We carried his body to the inn and, in a dream-like state, I travelled to break the news to Mrs Steerforth and then directly on to London. I was determined to keep the news of Ham’s death from Mr Peggotty and let them leave happy. Consequently I assured him that Ham had received the letter and his thoughts were with his uncle and Emily. Mr Peggotty boarded the ship. As he waved goodbye from the deck I saw Emily appear next to him and, placing her head on his shoulder, she waved too.

I travelled abroad from place to place, the burden of my grief growing heavier and heavier. I mourned my pretty Dora, my old friend and kind-hearted Ham. At times I wanted only to die and end my sorrow. Then a letter from Agnes arrived. Her gentle confidence in me gave me heart and I slowly started to mend and to write.

My feelings for Agnes began to change, or rather, I understood them better. I realized I loved her and had always done so.
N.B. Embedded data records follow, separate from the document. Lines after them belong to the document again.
lemma tri_barrier_prefix:
  assumes B: "barrier B" and Z: "Z \<subseteq> \<Union>B" "infinite Z"
  shows "tri (barrier_prefix B Z) (barrier_prefix B (Z - {Inf Z}))"
proof -
  define m where "m = Inf Z"
  define s where "s = barrier_prefix B Z"
  define t where "t = barrier_prefix B (Z - {m})"
  have Z': "Z - {m} \<subseteq> \<Union>B" "infinite (Z - {m})" using Z by auto
  have s: "s \<in> B" "init_seg s Z"
    unfolding s_def using barrier_prefix_in[OF B Z] init_seg_barrier_prefix[OF B Z] by auto
  have t: "t \<in> B" "init_seg t (Z - {m})"
    unfolding t_def using barrier_prefix_in[OF B Z'] init_seg_barrier_prefix[OF B Z'] by auto
  have "Z \<noteq> {}" using Z(2) by auto
  define r where "r = insert m t"
  have r: "init_seg r Z" "finite r"
    unfolding r_def m_def using init_seg_insert_Inf[OF \<open>Z \<noteq> {}\<close>] t barrier_finite[OF B]
    by (auto simp: m_def)
  have "m \<in> s" unfolding m_def using Inf_in_init_seg[OF s(2) barrier_nonempty[OF B s(1)]] .
  moreover have "m \<notin> t" using t(2) unfolding init_seg_def by blast
  ultimately have "\<not> r \<subseteq> s"
    using barrier_not_psubset[OF B t(1) s(1)] unfolding r_def by blast
  then have "s \<subset> r" using init_seg_linear[OF s(2) r(1)] by blast
  moreover have "init_seg s r" using \<open>s \<subset> r\<close> s(2) r(1) unfolding init_seg_def by blast
  moreover have "Min r = m"
    using r wellorder_Inf_le1[of _ Z] unfolding r_def init_seg_def
    by (intro Min_eqI) (auto simp: m_def)
  moreover have "t = r - {m}" unfolding r_def using \<open>m \<notin> t\<close> by blast
  ultimately show ?thesis
    unfolding tri_def s_def[symmetric] t_def[symmetric] m_def[symmetric] using r(2) by blast
qed

lemma barrier_ex_tri:
  assumes "barrier B"
  shows "\<exists>s\<in>B. \<exists>t\<in>B. tri s t"
proof -
  have U: "\<Union>B \<subseteq> \<Union>B" "infinite (\<Union>B)" using barrier_infinite_Union[OF assms] by auto
  then have U': "\<Union>B - {Inf (\<Union>B)} \<subseteq> \<Union>B" "infinite (\<Union>B - {Inf (\<Union>B)})" by auto
  show ?thesis
    using tri_barrier_prefix[OF assms U] barrier_prefix_in[OF assms U]
      barrier_prefix_in[OF assms U']
    by blast
qed

lemma barrier_restrict:
  assumes B: "barrier B" and Y: "Y \<subseteq> \<Union>B" "infinite Y"
  shows "barrier {s \<in> B. s \<subseteq> Y}"
proof -
  let ?B = "{s \<in> B. s \<subseteq> Y}"
  have "infinite ?B"
  proof
    assume "finite ?B"
    then have "finite (\<Union>?B)" using barrier_finite[OF B] by auto
    then have X: "Y - \<Union>?B \<subseteq> \<Union>B" "infinite (Y - \<Union>?B)" using Y by auto
    obtain s where "s \<in> B" "init_seg s (Y - \<Union>?B)"
      using barrier_init_seg_ex[OF B X] by blast
    then show False
      using barrier_nonempty[OF B \<open>s \<in> B\<close>] unfolding init_seg_def by blast
  qed
  moreover have "\<exists>s\<in>?B. s \<noteq> {} \<and> init_seg s X" if X: "X \<subseteq> \<Union>?B" "infinite X" for X
  proof -
    obtain s where s: "s \<in> B" "init_seg s X"
      using barrier_init_seg_ex[OF B _ X(2)] X(1) by blast
    then have "s \<subseteq> Y" using X(1) unfolding init_seg_def by blast
    then show ?thesis using s barrier_nonempty[OF B s(1)] by blast
  qed
  ultimately show ?thesis
    using barrier_finite[OF B] barrier_not_psubset[OF B] unfolding barrier_def by blast
qed

section \<open>Nash-Williams' partition theorem\<close>

text \<open>The accept/reject terminology of Galvin and Prikry's proof of Nash-Williams' theorem.\<close>
definition accepts :: "nat set set \<Rightarrow> nat set \<Rightarrow> nat set \<Rightarrow> bool" where
  "accepts F N s \<longleftrightarrow> (\<forall>Z\<subseteq>N. infinite Z \<longrightarrow> (\<exists>u. finite u \<and> init_seg u Z \<and> s \<union> u \<in> F))"

definition rejects :: "nat set set \<Rightarrow> nat set \<Rightarrow> nat set \<Rightarrow> bool" where
  "rejects F N s \<longleftrightarrow> (\<forall>N'\<subseteq>N. infinite N' \<longrightarrow> \<not> accepts F N' s)"

definition decides :: "nat set set \<Rightarrow> nat set \<Rightarrow> nat set \<Rightarrow> bool" where
  "decides F N s \<longleftrightarrow> accepts F N s \<or> rejects F N s"

lemma accepts_subset: "N' \<subseteq> N \<Longrightarrow> accepts F N s \<Longrightarrow> accepts F N' s"
  unfolding accepts_def by (meson order_trans)

lemma rejects_subset: "N' \<subseteq> N \<Longrightarrow> rejects F N s \<Longrightarrow> rejects F N' s"
  unfolding rejects_def by (meson order_trans)

lemma decides_subset: "N' \<subseteq> N \<Longrightarrow> decides F N s \<Longrightarrow> decides F N' s"
  unfolding decides_def using accepts_subset rejects_subset by blast

lemma ex_decides: "infinite N \<Longrightarrow> \<exists>N'\<subseteq>N. infinite N' \<and> decides F N' s"
  unfolding decides_def rejects_def by blast

lemma ex_infinite_subset_all:
  assumes mono: "\<And>s N N'. N' \<subseteq> N \<Longrightarrow> \<Phi> s N \<Longrightarrow> \<Phi> s N'"
    and ex: "\<And>s N. infinite N \<Longrightarrow> \<exists>N'\<subseteq>N. infinite N' \<and> \<Phi> s N'"
    and "finite S" "infinite N"
  shows "\<exists>N'\<subseteq>N. infinite N' \<and> (\<forall>s\<in>S. \<Phi> s N')"
  using \<open>finite S\<close>
proof (induction S rule: finite_induct)
  case empty
  show ?case using \<open>infinite N\<close> by blast
next
  case (insert s S)
  then obtain N1 where "N1 \<subseteq> N" "infinite N1" "\<forall>s'\<in>S. \<Phi> s' N1" by blast
  moreover obtain N2 where "N2 \<subseteq> N1" "infinite N2" "\<Phi> s N2" using ex[OF \<open>infinite N1\<close>] by blast
  ultimately show ?case using mono by blast
qed

lemma fusion_sequence:
  assumes M: "infinite M"
    and mono: "\<And>s N N'. N' \<subseteq> N \<Longrightarrow> \<Phi> s N \<Longrightarrow> \<Phi> s N'"
    and ex: "\<And>s N. infinite N \<Longrightarrow> \<exists>N'\<subseteq>N. infinite N' \<and> \<Phi> s N'"
  shows "\<exists>R :: nat \<Rightarrow> nat set. \<forall>k. (infinite (R k) \<and> R k \<subseteq> M) \<and>
      R (Suc k) \<subseteq> beyond (R k) {Inf (R k)} \<and> (\<forall>s. s \<subseteq> {..Inf (R k)} \<longrightarrow> \<Phi> s (R (Suc k)))"
proof -
  have "\<exists>R'. (infinite R' \<and> R' \<subseteq> M) \<and>
      R' \<subseteq> beyond R {Inf R} \<and> (\<forall>s. s \<subseteq> {..Inf R} \<longrightarrow> \<Phi> s R')"
    if "infinite R \<and> R \<subseteq> M" for R
  proof -
    have "\<exists>R'\<subseteq>beyond R {Inf R}. infinite R' \<and> (\<forall>s\<in>Pow {..Inf R}. \<Phi> s R')"
      by (rule ex_infinite_subset_all) (fact mono ex | use that in \<open>simp add: infinite_beyond\<close>)+
    then obtain R' where "R' \<subseteq> beyond R {Inf R}" "infinite R'" "\<forall>s\<in>Pow {..Inf R}. \<Phi> s R'"
      by blast
    moreover have "R' \<subseteq> M" using calculation(1) beyond_subset[of R] that by blast
    ultimately show ?thesis by (intro exI[of _ R']) auto
  qed
  then show ?thesis
    using M by (intro dependent_nat_choice[where P = "\<lambda>_ R. infinite R \<and> R \<subseteq> M"
        and Q = "\<lambda>_ R R'. R' \<subseteq> beyond R {Inf R} \<and> (\<forall>s. s \<subseteq> {..Inf R} \<longrightarrow> \<Phi> s R')"]) auto
qed

text \<open>N picks its k-th element from the k-th set of a fusion sequence, so the part of N
  beyond s lies in a set that was chosen after all subsets of s had been taken care of.\<close>
lemma diagonal_fusion:
  assumes M: "infinite M"
    and mono: "\<And>s N N'. N' \<subseteq> N \<Longrightarrow> \<Phi> s N \<Longrightarrow> \<Phi> s N'"
    and ex: "\<And>s N. infinite N \<Longrightarrow> \<exists>N'\<subseteq>N. infinite N' \<and> \<Phi> s N'"
  shows "\<exists>N\<subseteq>M. infinite N \<and> (\<forall>s. finite s \<longrightarrow> s \<subseteq> N \<longrightarrow> \<Phi> s (beyond N s))"
proof -
  have "\<exists>R :: nat \<Rightarrow> nat set. \<forall>k. (infinite (R k) \<and> R k \<subseteq> M) \<and>
      R (Suc k) \<subseteq> beyond (R k) {Inf (R k)} \<and> (\<forall>s. s \<subseteq> {..Inf (R k)} \<longrightarrow> \<Phi> s (R (Suc k)))"
    by (rule fusion_sequence) (fact M mono ex)+
  then obtain R where R_inf: "\<And>k. infinite (R k)" and R_M: "\<And>k. R k \<subseteq> M"
    and R_beyond: "\<And>k. R (Suc k) \<subseteq> beyond (R k) {Inf (R k)}"
    and R_\<Phi>: "\<And>k s. s \<subseteq> {..Inf (R k)} \<Longrightarrow> \<Phi> s (R (Suc k))"
    by blast
  have R_anti: "R j \<subseteq> R i" if "i \<le> j" for i j
    using lift_Suc_antimono_le[of R, OF _ that] R_beyond beyond_subset by blast
  define a where "a k = Inf (R (Suc k))" for k
  have a_in: "a k \<in> R (Suc k)" for k
    unfolding a_def using R_inf Inf_nat_def1 by (metis finite.emptyI)
  have "a k < a (Suc k)" for k
    using a_in[of "Suc k"] R_beyond[of "Suc k"] unfolding a_def beyond_def by auto
  then have a: "strict_mono a" by (simp add: strict_mono_Suc_iff)
  define N where "N = range a"
  have "N \<subseteq> M" unfolding N_def using a_in R_M by blast
  moreover have "infinite N"
    unfolding N_def using a by (simp add: range_inj_infinite strict_mono_imp_inj_on)
  moreover have "\<Phi> s (beyond N s)" if s: "finite s" "s \<subseteq> N" for s
  proof -
    have key: "\<Phi> s (beyond N s)" if "s \<subseteq> {..Inf (R k)}" "beyond N s \<subseteq> R (Suc k)" for k
      using mono[OF that(2) R_\<Phi>[OF that(1)]] .
    have tail: "beyond N s \<subseteq> R (Suc k)" if k: "\<forall>j. a j \<in> beyond N s \<longrightarrow> k \<le> j" for k
    proof
      fix n assume n: "n \<in> beyond N s"
      then obtain j where "n = a j" using beyond_subset unfolding N_def by blast
      then show "n \<in> R (Suc k)" using k n a_in[of j] R_anti[of "Suc k" "Suc j"] by auto
    qed
    show ?thesis
    proof (cases "s = {}")
      case True
      then show ?thesis using key[of 0] tail[of 0] by simp
    next
      case False
      then obtain i where i: "Max s = a i" using s Max_in unfolding N_def by blast
      have "s \<subseteq> {..Inf (R (Suc i))}" using s(1) i Max_ge unfolding a_def by fastforce
      moreover have "Suc i \<le> j" if "a j \<in> beyond N s" for j
        using that i Max_in[OF s(1) False] strict_mono_less[OF a] unfolding beyond_def by auto
      ultimately show ?thesis using key tail by blast
    qed
  qed
  ultimately show ?thesis by blast
qed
I returned to England three years later and went to my aunt’s house in Dover. We had an emotional reunion. Talking, I asked her if Agnes had a lover. My aunt thought there was someone. I was not surprised and I resolved to hide my true feelings from Agnes, and this I did in all my visits.

It was Christmas. I had understood from my aunt that Agnes would soon marry.

‘Agnes, my sister, do you not trust me with your secret?’ I asked her. ‘Do you think I cannot be happy for you in your marriage?’ Agnes became upset and started to cry. Her look gave me hope. ‘If I thought you could ever love me as more than a brother… you must know I love you.’

‘Oh, Trotwood. I have always loved you!’ she said through her tears. As I held her close, I fancied I saw Dora smiling at us happily, giving us her blessing. We were married two weeks later.